Scope of examination of services in terms of the 2017 Notification - whether the provision of any services is exempted (chargeable at Nil rate) from payment of GST? - National Eligibility-cum-Entrance Test (NEET) for admission to any medical institution in India - Degrees of Diploma of National Board (DNB) and Fellow of National Board (FNB) after conducting the examination - Conducts Screening Tests - Accreditation of Medical Institutions.

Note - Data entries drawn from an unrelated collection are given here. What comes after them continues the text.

lemma saturation_subset_topspace: "saturation X K \<subseteq> topspace X"
  unfolding saturation_def by blast

lemma subset_saturation: "K \<subseteq> topspace X \<Longrightarrow> K \<subseteq> saturation X K"
  unfolding saturation_def by (auto intro: spec_le_refl)

lemma saturation_mono: "K \<subseteq> L \<Longrightarrow> saturation X K \<subseteq> saturation X L"
  unfolding saturation_def by blast

lemma saturated_in_saturation: "saturated_in X (saturation X K)"
  unfolding saturated_in_def saturation_def by (blast intro: spec_le_trans dest: spec_le_topspace)

lemma saturated_in_Int: "saturated_in X A \<Longrightarrow> saturated_in X B \<Longrightarrow> saturated_in X (A \<inter> B)"
  unfolding saturated_in_def by blast

lemma compactin_saturation:
  assumes K: "compactin X K"
  shows "compactin X (saturation X K)"
  unfolding compactin_def
proof (intro conjI saturation_subset_topspace allI impI, elim conjE)
  fix \<U> assume opens: "\<forall>U\<in>\<U>. openin X U" and cover: "saturation X K \<subseteq> \<Union>\<U>"
  have "K \<subseteq> \<Union>\<U>"
    using subset_saturation[OF compactin_subset_topspace[OF K]] cover by (rule subset_trans)
  then obtain \<V> where \<V>: "finite \<V>" "\<V> \<subseteq> \<U>" "K \<subseteq> \<Union>\<V>"
    using compactinD[OF K, of \<U>] opens by blast
  have "saturation X K \<subseteq> \<Union>\<V>"
  proof
    fix y assume "y \<in> saturation X K"
    then obtain x where x: "x \<in> K" "spec_le X x y"
      unfolding saturation_def by blast
    then obtain V where V: "V \<in> \<V>" "x \<in> V"
      using \<V>(3) by blast
    then have "openin X V"
      using opens \<V>(2) by blast
    then have "y \<in> V"
      using V(2) x(2) by (rule openin_spec_le_upward)
    with V(1) show "y \<in> \<Union>\<V>" by blast
  qed
  with \<V>(1,2) show "\<exists>\<V>. finite \<V> \<and> \<V> \<subseteq> \<U> \<and> saturation X K \<subseteq> \<Union>\<V>" by blast
qed

lemma compact_saturated_saturation: "compactin X K \<Longrightarrow> compact_saturated X (saturation X K)"
  by (simp add: compact_saturated_def compactin_saturation saturated_in_saturation)

lemma filtered_family_range_decseq:
  fixes M :: "nat \<Rightarrow> 'a set"
  assumes "decseq M"
  shows "filtered_family (range M)"
  unfolding filtered_family_def
proof (intro conjI ballI)
  fix F1 F2 assume "F1 \<in> range M" "F2 \<in> range M"
  then obtain m n where "F1 = M m" "F2 = M n" by blast
  then have "M (max m n) \<subseteq> F1 \<inter> F2"
    using assms unfolding decseq_def by simp
  then show "\<exists>F3\<in>range M. F3 \<subseteq> F1 \<inter> F2" by blast
qed simp

lemma well_filtered_Inter_meets_closed:
  assumes wf: "well_filtered X" and \<F>: "filtered_family \<F>" "\<forall>K\<in>\<F>. compact_saturated X K"
    and A: "closedin X A" "\<forall>K\<in>\<F>. K \<inter> A \<noteq> {}"
  shows "\<Inter>\<F> \<inter> A \<noteq> {}"
proof
  assume "\<Inter>\<F> \<inter> A = {}"
  moreover obtain K0 where "K0 \<in> \<F>"
    using \<F>(1) unfolding filtered_family_def by blast
  moreover have "K0 \<subseteq> topspace X"
    using \<F>(2) \<open>K0 \<in> \<F>\<close> compactin_subset_topspace unfolding compact_saturated_def by blast
  ultimately have "\<Inter>\<F> \<subseteq> topspace X - A" by blast
  moreover have "openin X (topspace X - A)"
    using A(1) by (simp add: openin_diff)
  ultimately obtain K where "K \<in> \<F>" "K \<subseteq> topspace X - A"
    using wf[unfolded well_filtered_def, rule_format, of \<F> "topspace X - A"] \<F> by blast
  with A(2) show False by blast
qed

lemma well_filtered_directed_closed_eq_closure_of_point:
  assumes wf: "well_filtered X" and A: "closedin X A" "A \<noteq> {}"
    and directed: "\<And>a b. a \<in> A \<Longrightarrow> b \<in> A \<Longrightarrow> \<exists>c\<in>A. spec_le X a c \<and> spec_le X b c"
  shows "\<exists>x\<in>A. A = X closure_of {x}"
proof -
  have A_sub: "A \<subseteq> topspace X"
    using A closedin_subset by blast
  define \<F> where "\<F> = (\<lambda>a. saturation X {a}) ` A"
  have "filtered_family \<F>"
    unfolding filtered_family_def
  proof (intro conjI ballI)
    fix F1 F2 assume "F1 \<in> \<F>" "F2 \<in> \<F>"
    then obtain a b where ab: "a \<in> A" "b \<in> A" "F1 = saturation X {a}" "F2 = saturation X {b}"
      unfolding \<F>_def by blast
    then obtain c where c: "c \<in> A" "spec_le X a c" "spec_le X b c"
      using directed by blast
    have "saturation X {c} \<subseteq> F1 \<inter> F2"
      unfolding ab saturation_def using spec_le_trans[OF c(2)] spec_le_trans[OF c(3)] by blast
    then show "\<exists>F3\<in>\<F>. F3 \<subseteq> F1 \<inter> F2"
      unfolding \<F>_def using c(1) by blast
  qed (simp add: \<F>_def A(2))
  moreover have "\<forall>K\<in>\<F>. compact_saturated X K"
    unfolding \<F>_def using A_sub by (auto intro!: compact_saturated_saturation)
  moreover have "\<forall>K\<in>\<F>. K \<inter> A \<noteq> {}"
  proof
    fix K assume "K \<in> \<F>"
    then obtain a where "a \<in> A" "K = saturation X {a}"
      unfolding \<F>_def by blast
    then show "K \<inter> A \<noteq> {}"
      using subset_saturation[of "{a}" X] A_sub by blast
  qed
  ultimately have "\<Inter>\<F> \<inter> A \<noteq> {}"
    by (rule well_filtered_Inter_meets_closed[OF wf _ _ A(1)])
  then obtain x where x: "x \<in> \<Inter>\<F>" "x \<in> A"
    by blast
  have "spec_le X a x" if "a \<in> A" for a
    using x(1) that unfolding \<F>_def saturation_def by blast
  then have "A \<subseteq> X closure_of {x}"
    unfolding spec_le_def by blast
  moreover have "X closure_of {x} \<subseteq> A"
    by (rule closure_of_minimal) (use x(2) A(1) in auto)
  ultimately show ?thesis
    using x(2) by blast
qed

lemma spec_le_limit_of_saturated_tails:
  assumes lim: "limitin X t a sequentially"
    and y: "\<And>N. y \<in> saturation X (insert a (t ` {N..}))"
  shows "spec_le X a y"
  unfolding spec_le_iff_open
proof (intro conjI allI impI)
  show "a \<in> topspace X"
    using lim limitin_topspace by metis
  show "y \<in> topspace X"
    using saturation_subset_topspace y[of 0] by (rule subsetD)
next
  fix U assume U: "openin X U \<and> a \<in> U"
  then obtain N where N: "\<And>n. N \<le> n \<Longrightarrow> t n \<in> U"
    using lim unfolding limitin_sequentially by meson
  obtain x where x: "x \<in> insert a (t ` {N..})" "spec_le X x y"
    using y[of N] unfolding saturation_def by blast
  then have "x \<in> U"
    using N U by blast
  then show "y \<in> U"
    using openin_spec_le_upward[of X U x y] U x(2) by blast
qed

lemma well_filtered_coherent_common_limits_bounded:
  assumes wf: "well_filtered X" and coh: "coherent_space X" and A: "closedin X A"
    and t: "\<And>n. t n \<in> A"
    and lim_a: "limitin X t a sequentially" and lim_b: "limitin X t b sequentially"
  shows "\<exists>y\<in>A. spec_le X a y \<and> spec_le X b y"
proof -
  have t_sub: "range t \<subseteq> topspace X"
    using t A closedin_subset by blast
  define S where "S c N = saturation X (insert c (t ` {N..}))" for c N
  define M where "M N = S a N \<inter> S b N" for N
  have S: "compact_saturated X (S c N)" if "limitin X t c sequentially" for c N
    unfolding S_def using that t_sub
    by (auto intro!: compact_saturated_saturation compactin_sequence_with_limit)
  have "compact_saturated X (M N)" for N
  proof -
    have "compactin X (M N)"
      using coh[unfolded coherent_space_def] S[OF lim_a] S[OF lim_b] unfolding M_def by blast
    moreover have "saturated_in X (M N)"
      using S[OF lim_a] S[OF lim_b] saturated_in_Int
      unfolding M_def compact_saturated_def by blast
    ultimately show ?thesis
      unfolding compact_saturated_def by blast
  qed
  moreover have "filtered_family (range M)"
  proof (rule filtered_family_range_decseq, rule antimonoI)
    show "M n \<subseteq> M m" if "m \<le> n" for m n
      unfolding M_def S_def using that
      by (intro Int_mono saturation_mono insert_mono image_mono) auto
  qed
  moreover have "t N \<in> M N \<inter> A" for N
    using t[of N] spec_le_refl[of "t N" X] t_sub unfolding M_def S_def saturation_def by auto
  ultimately have "\<Inter>(range M) \<inter> A \<noteq> {}"
    using well_filtered_Inter_meets_closed[OF wf, of "range M" A] A by blast
  then obtain y where y: "\<And>N. y \<in> M N" "y \<in> A"
    by blast
  have "spec_le X a y" "spec_le X b y"
    using spec_le_limit_of_saturated_tails[OF lim_a, of y] spec_le_limit_of_saturated_tails[OF lim_b, of y]
      y(1) unfolding M_def S_def by blast+
  with y(2) show ?thesis by blast
qed

lemma irreducible_closed_pair_in_closure_of_diagonal:
  assumes irr: "irreducible_closed X A" and "a \<in> A" "b \<in> A"
  shows "(a, b) \<in> prod_topology X X closure_of ((\<lambda>x. (x, x)) ` A)"
  unfolding in_closure_of
proof (intro conjI allI impI)
  have A_sub: "A \<subseteq> topspace X"
    using irr closedin_subset unfolding irreducible_closed_def by blast
  then show "(a, b) \<in> topspace (prod_topology X X)"
    using assms by auto
  fix T assume "(a, b) \<in> T \<and> openin (prod_topology X X) T"
  then obtain U V where UV: "openin X U" "openin X V" "a \<in> U" "b \<in> V" "U \<times> V \<subseteq> T"
    unfolding openin_prod_topology_alt by blast
  have "closedin X (topspace X - U)" "closedin X (topspace X - V)"
    using UV(1,2) by (simp_all add: closedin_diff)
  moreover have "\<not> A \<subseteq> topspace X - U" "\<not> A \<subseteq> topspace X - V"
    using assms(2,3) UV(3,4) by blast+
  ultimately have "\<not> A \<subseteq> (topspace X - U) \<union> (topspace X - V)"
    using irr unfolding irreducible_closed_def by blast
  then obtain x where "x \<in> A" "x \<in> U" "x \<in> V"
    using A_sub by blast
  then show "\<exists>y. y \<in> (\<lambda>x. (x, x)) ` A \<and> y \<in> T"
    using UV by blast
qed

lemma frechet_square_irreducible_closed_common_limit:
  assumes fr: "frechet_space (prod_topology X X)" and irr: "irreducible_closed X A"
    and "a \<in> A" "b \<in> A"
  obtains t where "\<And>n. t n \<in> A" "limitin X t a sequentially" "limitin X t b sequentially"
proof -
  have "(\<lambda>x. (x, x)) ` A \<subseteq> topspace (prod_topology X X)"
    using irr closedin_subset unfolding irreducible_closed_def by fastforce
  then obtain s where s: "\<And>n. s n \<in> (\<lambda>x. (x, x)) ` A"
      "limitin (prod_topology X X) s (a, b) sequentially"
    using fr irreducible_closed_pair_in_closure_of_diagonal[OF irr assms(3,4)]
    unfolding frechet_space_def by blast
  have "fst (s n) = snd (s n)" for n
    using s(1)[of n] by auto
  then have "fst \<circ> s = snd \<circ> s"
    by (simp add: fun_eq_iff)
  moreover have "limitin X (fst \<circ> s) a sequentially" "limitin X (snd \<circ> s) b sequentially"
    using s(2) by (simp_all add: limitin_pairwise)
  moreover have "(fst \<circ> s) n \<in> A" for n
    using s(1)[of n] by auto
  ultimately show ?thesis
    using that[of "fst \<circ> s"] by simp
qed

lemma irreducible_closed_directed:
  assumes wf: "well_filtered X" and coh: "coherent_space X"
    and fr: "frechet_space (prod_topology X X)" and irr: "irreducible_closed X A"
    and ab: "a \<in> A" "b \<in> A"
  shows "\<exists>c\<in>A. spec_le X a c \<and> spec_le X b c"
proof -
  obtain t where "\<And>n. t n \<in> A" "limitin X t a sequentially" "limitin X t b sequentially"
    by (metis frechet_square_irreducible_closed_common_limit[OF fr irr ab])
  moreover have "closedin X A"
    using irr unfolding irreducible_closed_def by blast
  ultimately show ?thesis
    using well_filtered_coherent_common_limits_bounded[OF wf coh] by blast
qed

theorem corollary3p11:
  fixes X :: "'a topology"
  assumes "t0_space X"
    and "well_filtered X"
    and "coherent_space X"
    and "frechet_space (prod_topology X X)"
  shows "sober_space X"
  unfolding sober_space_def
proof (intro conjI allI impI)
  show "t0_space X" by fact
next
  fix A assume irr: "irreducible_closed X A"
  then have A: "closedin X A" "A \<noteq> {}"
    unfolding irreducible_closed_def by blast+
  obtain x where "x \<in> A" "A = X closure_of {x}"
    using well_filtered_directed_closed_eq_closure_of_point[OF assms(2) A
        irreducible_closed_directed[OF assms(2-4) irr]] by blast
  then show "\<exists>x\<in>topspace X. A = X closure_of {x}"
    using A(1) closedin_subset by blast
qed

end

NEET EXAMINATION - HELD THAT:- The question whether the petitioner is an educational institution for the purposes of Clause (aa) of Serial No. 66 of 2017 Notification was expressly clarified by introduction of Clause (iv) in Paragraph 3 of the 2017 Notification. The said explanation clarified that the Central and the State Educational Boards would be treated as educational institutions for the limited purposes of providing services by way of conduct of examination to the students. The opening words of Paragraph 3(iv) of the 2017 Notification are “for removal of doubts”. The said Explanation is clearly clarificatory.

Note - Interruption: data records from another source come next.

lemma nn_integral_min_coord_eq:
  assumes k: "k < n" and l: "l < n"
  shows "(\<integral>\<^sup>+x. Ifun_integrand n \<alpha> \<theta> s x * indicator (min_coord n k) x \<partial>lebn n)
    = (\<integral>\<^sup>+x. Ifun_integrand n \<alpha> \<theta> s x * indicator (min_coord n l) x \<partial>lebn n)"
proof -
  let ?t = "Transposition.transpose k l"
  have t: "bij_betw ?t {..<n} {..<n}"
    using k l by (intro permutes_imp_bij permutes_swap_id) auto
  have "(\<integral>\<^sup>+x. Ifun_integrand n \<alpha> \<theta> s x * indicator (min_coord n k) x \<partial>lebn n)
      = (\<integral>\<^sup>+x. Ifun_integrand n \<alpha> \<theta> s (\<lambda>i\<in>{..<n}. x (?t i))
          * indicator (min_coord n k) (\<lambda>i\<in>{..<n}. x (?t i)) \<partial>lebn n)"
    using k unfolding lebn_def
    by (intro nn_integral_PiM_lborel_reindex[OF _ t, symmetric]) (auto simp: lebn_def[symmetric])
  also have "\<dots> = (\<integral>\<^sup>+x. Ifun_integrand n \<alpha> \<theta> s x * indicator (min_coord n l) x \<partial>lebn n)"
    using k by (intro nn_integral_cong)
      (simp add: Ifun_integrand_reindex[OF _ t] indicator_min_coord_reindex[OF t])
  finally show ?thesis .
qed

lemma prod_inverse_scaled_powr:
  fixes c p :: real
  assumes "c > 0" and "\<And>i. i \<in> A \<Longrightarrow> w i > 0"
  shows "(\<Prod>i\<in>A. 1 / (c * w i) powr p) = c powr (- p * real (card A)) * (\<Prod>i\<in>A. 1 / w i powr p)"
proof -
  have "(\<Prod>i\<in>A. 1 / (c * w i) powr p) = (\<Prod>i\<in>A. c powr (- p) * (1 / w i powr p))"
    using assms by (intro prod.cong) (auto simp: powr_mult powr_minus_divide)
  also have "\<dots> = (c powr (- p)) ^ card A * (\<Prod>i\<in>A. 1 / w i powr p)"
    by (simp only: prod.distrib prod_constant)
  finally show ?thesis
    using assms(1) by (simp add: powr_power mult.commute)
qed

lemma Delta_Suc_upd_scale_iff:
  assumes w: "w \<in> space (lebn m)" and v: "0 \<le> v" "v < 1"
  shows "(\<lambda>i\<in>{..<m}. (1 - v) * w i)(m := v) \<in> Delta (Suc m) \<longleftrightarrow> w \<in> Delta m"
proof -
  define z where "z = (\<lambda>i\<in>{..<m}. (1 - v) * w i)(m := v)"
  have c: "1 - v > 0"
    using v by simp
  have "z \<in> space (lebn (Suc m))"
    using w by (auto simp: z_def lebn_def space_PiM PiE_def extensional_def)
  moreover have "(\<forall>i<Suc m. 0 \<le> z i) \<longleftrightarrow> (\<forall>i<m. 0 \<le> w i)"
    using c v by (auto simp: z_def less_Suc_eq zero_le_mult_iff)
  moreover have "(\<Sum>i<Suc m. z i) \<le> 1 \<longleftrightarrow> (1 - v) * (\<Sum>i<m. w i) \<le> (1 - v) * 1"
    by (simp add: z_def sum_distrib_left algebra_simps)
  ultimately show ?thesis
    using w c by (simp add: z_def[symmetric] Delta_def)
qed

lemma scaled_integrand_powr_identity:
  fixes c v \<sigma> \<alpha> \<theta> :: real
  assumes c: "c > 0" and \<sigma>: "\<sigma> \<ge> 0" and w: "\<And>i. i < m \<Longrightarrow> w i > 0"
  shows "(\<Prod>i<m. 1 / (c * w i) powr (\<alpha> + 1)) / v powr (\<alpha> + 1) * (c * \<sigma>) powr (\<theta> + \<alpha> * real (Suc m) - 1)
    = c powr (\<theta> + \<alpha> - 1 - real m) / v powr (\<alpha> + 1)
      * ((\<Prod>i<m. 1 / w i powr (\<alpha> + 1)) * \<sigma> powr (\<theta> + \<alpha> + \<alpha> * real m - 1))"
proof -
  have "(c * \<sigma>) powr (\<theta> + \<alpha> * real (Suc m) - 1)
      = c powr (\<theta> + \<alpha> * real (Suc m) - 1) * \<sigma> powr (\<theta> + \<alpha> + \<alpha> * real m - 1)"
  proof -
    have "\<theta> + \<alpha> * real (Suc m) - 1 = \<theta> + \<alpha> + \<alpha> * real m - 1"
      by (simp add: algebra_simps)
    then show ?thesis
      using c \<sigma> by (simp only: powr_mult less_imp_le)
  qed
  moreover have "c powr (- (\<alpha> + 1) * real m) * c powr (\<theta> + \<alpha> * real (Suc m) - 1)
      = c powr (\<theta> + \<alpha> - 1 - real m)"
    by (simp add: powr_add[symmetric] algebra_simps)
  ultimately show ?thesis
    using prod_inverse_scaled_powr[OF c, of "{..<m}" w "\<alpha> + 1"] w by (simp add: field_simps)
qed

lemma Ifun_integrand_upd_scale_active:
  fixes v s :: real
  assumes w: "w \<in> Delta m" "\<And>j. j < m \<Longrightarrow> 1 \<le> (1 - v) / v * w j"
    and v: "v < 1" "1 \<le> s * v" and s: "s > 0"
  defines "z \<equiv> (\<lambda>i\<in>{..<m}. (1 - v) * w i)(m := v)"
  shows "Ifun_integrand (Suc m) \<alpha> \<theta> s z
    = ennreal ((1 - v) powr (\<theta> + \<alpha> - 1 - real m) / v powr (\<alpha> + 1))
      * Ifun_integrand m \<alpha> (\<theta> + \<alpha>) ((1 - v) / v) w"
proof -
  define c r \<sigma> where "c = 1 - v" and "r = (1 - v) / v" and "\<sigma> = 1 - (\<Sum>j<m. w j)"
  have v0: "v > 0"
    using zero_less_mult_pos[of s v] s v by linarith
  have c0: "c > 0" and r0: "r > 0"
    using v v0 by (simp_all add: c_def r_def)
  have w0: "w j > 0" if "j < m" for j
    using zero_less_mult_pos[of r "w j"] w(2)[OF that] r0 by (simp add: r_def)
  have sz: "1 \<le> s * (c * w j)" if "j < m" for j
  proof -
    have "v \<le> c * w j"
      using w(2)[OF that] v0 by (simp add: c_def field_simps)
    then show ?thesis
      using mult_left_mono[of v "c * w j" s] s v by linarith
  qed
  have zD: "z \<in> Delta (Suc m)"
    using Delta_Suc_upd_scale_iff[of w m v] w(1) v v0 by (simp add: z_def Delta_def)
  have prod_z: "(\<Prod>i<Suc m. indicator {1..} (s * z i) / z i powr (\<alpha> + 1))
      = (\<Prod>i<m. 1 / (c * w i) powr (\<alpha> + 1)) / v powr (\<alpha> + 1)"
    using sz v(2) by (simp add: z_def c_def)
  have prod_w: "(\<Prod>i<m. indicator {1..} (r * w i) / w i powr (\<alpha> + 1)) = (\<Prod>i<m. 1 / w i powr (\<alpha> + 1))"
    using w(2) by (intro prod.cong) (auto simp: r_def)
  have sum_z: "1 - (\<Sum>j<Suc m. z j) = c * \<sigma>"
    by (simp add: z_def \<sigma>_def c_def sum_distrib_left algebra_simps)
  have "\<sigma> \<ge> 0"
    using w(1) by (simp add: \<sigma>_def Delta_def)
  note identity = scaled_integrand_powr_identity[where m=m and w=w and v=v and \<alpha>=\<alpha> and \<theta>=\<theta>,
      OF c0 this w0]
  have K0: "0 \<le> c powr (\<theta> + \<alpha> - 1 - real m) / v powr (\<alpha> + 1)"
    by simp
  show ?thesis
    unfolding Ifun_integrand_def r_def[symmetric] unfolding c_def[symmetric] \<sigma>_def[symmetric]
    by (simp only: prod_z prod_w sum_z identity indicator_simps(1)[OF zD] indicator_simps(1)[OF w(1)]
        mult_1_right ennreal_mult'[OF K0])
qed

lemma Ifun_integrand_upd_scale:
  fixes v s :: real
  assumes w: "w \<in> space (lebn m)" and v: "v < 1" "1 \<le> s * v" and s: "s > 0"
  defines "z \<equiv> (\<lambda>i\<in>{..<m}. (1 - v) * w i)(m := v)"
  shows "Ifun_integrand (Suc m) \<alpha> \<theta> s z * indicator (min_coord (Suc m) m) z
    = ennreal ((1 - v) powr (\<theta> + \<alpha> - 1 - real m) / v powr (\<alpha> + 1))
      * Ifun_integrand m \<alpha> (\<theta> + \<alpha>) ((1 - v) / v) w"
proof -
  have v0: "v > 0"
    using zero_less_mult_pos[of s v] s v by linarith
  have min_iff: "z \<in> min_coord (Suc m) m \<longleftrightarrow> (\<forall>j<m. 1 \<le> (1 - v) / v * w j)"
    using v0 by (auto simp: min_coord_def less_Suc_eq z_def field_simps)
  have Delta_iff: "z \<in> Delta (Suc m) \<longleftrightarrow> w \<in> Delta m"
    unfolding z_def using Delta_Suc_upd_scale_iff[OF w] v0 v by simp
  show ?thesis
  proof (cases "w \<in> Delta m \<and> (\<forall>j<m. 1 \<le> (1 - v) / v * w j)")
    case True
    then have wD: "w \<in> Delta m" and wr: "\<And>j. j < m \<Longrightarrow> 1 \<le> (1 - v) / v * w j"
      by auto
    show ?thesis
      using True min_iff Ifun_integrand_upd_scale_active[OF wD wr v s, where \<alpha>=\<alpha> and \<theta>=\<theta>]
      by (simp add: z_def)
  next
    case False
    then consider "w \<notin> Delta m" | j where "j < m" "(1 - v) / v * w j < 1"
      by fastforce
    then show ?thesis
    proof cases
      case 1
      then show ?thesis
        using Delta_iff by (simp add: Ifun_integrand_def)
    next
      case 2
      then have "z \<notin> min_coord (Suc m) m"
        using min_iff by auto
      moreover have prod_0: "(\<Prod>i<m. indicator {1..} ((1 - v) / v * w i) / w i powr (\<alpha> + 1)) = 0"
        using 2 by (intro prod_zero) (auto intro!: bexI[of _ j])
      ultimately show ?thesis
        unfolding Ifun_integrand_def prod_0 by simp
    qed
  qed
qed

The question whether educational boards are to be exempted from services provided in conduct of examination was considered by the GST Council at its 28th Meeting held on 21.07.2018. The Fitment Committee had noted that the definition of educational institutions as contained in Paragraph 2(y) of the 2017 Notification did not cover State Educational Boards, Central Government Boards and autonomous organizations responsible for administration of education in India - Most of the State Boards and Central Boards were either boards set up by the Act of Parliament or State Legislatures or registered under the Societies Registration Act, 1860. Therefore, all examination boards except a few were Government entities. Any grant received by educational boards for providing services to government or any other person was also exempt.
Undisputedly, the question whether a provision is clarificatory or declaratory would not be dispositive of the question whether the same is applicable retrospectively. However, the fact that the language of the statute clearly reflects that it is for removal of doubts and to clarify doubts is a relevant indicator to determine whether the provision in fact intended to clarify and not intended to bring a prospective change. It is also relevant to determine whether the pre-amended law would admit such a clarification.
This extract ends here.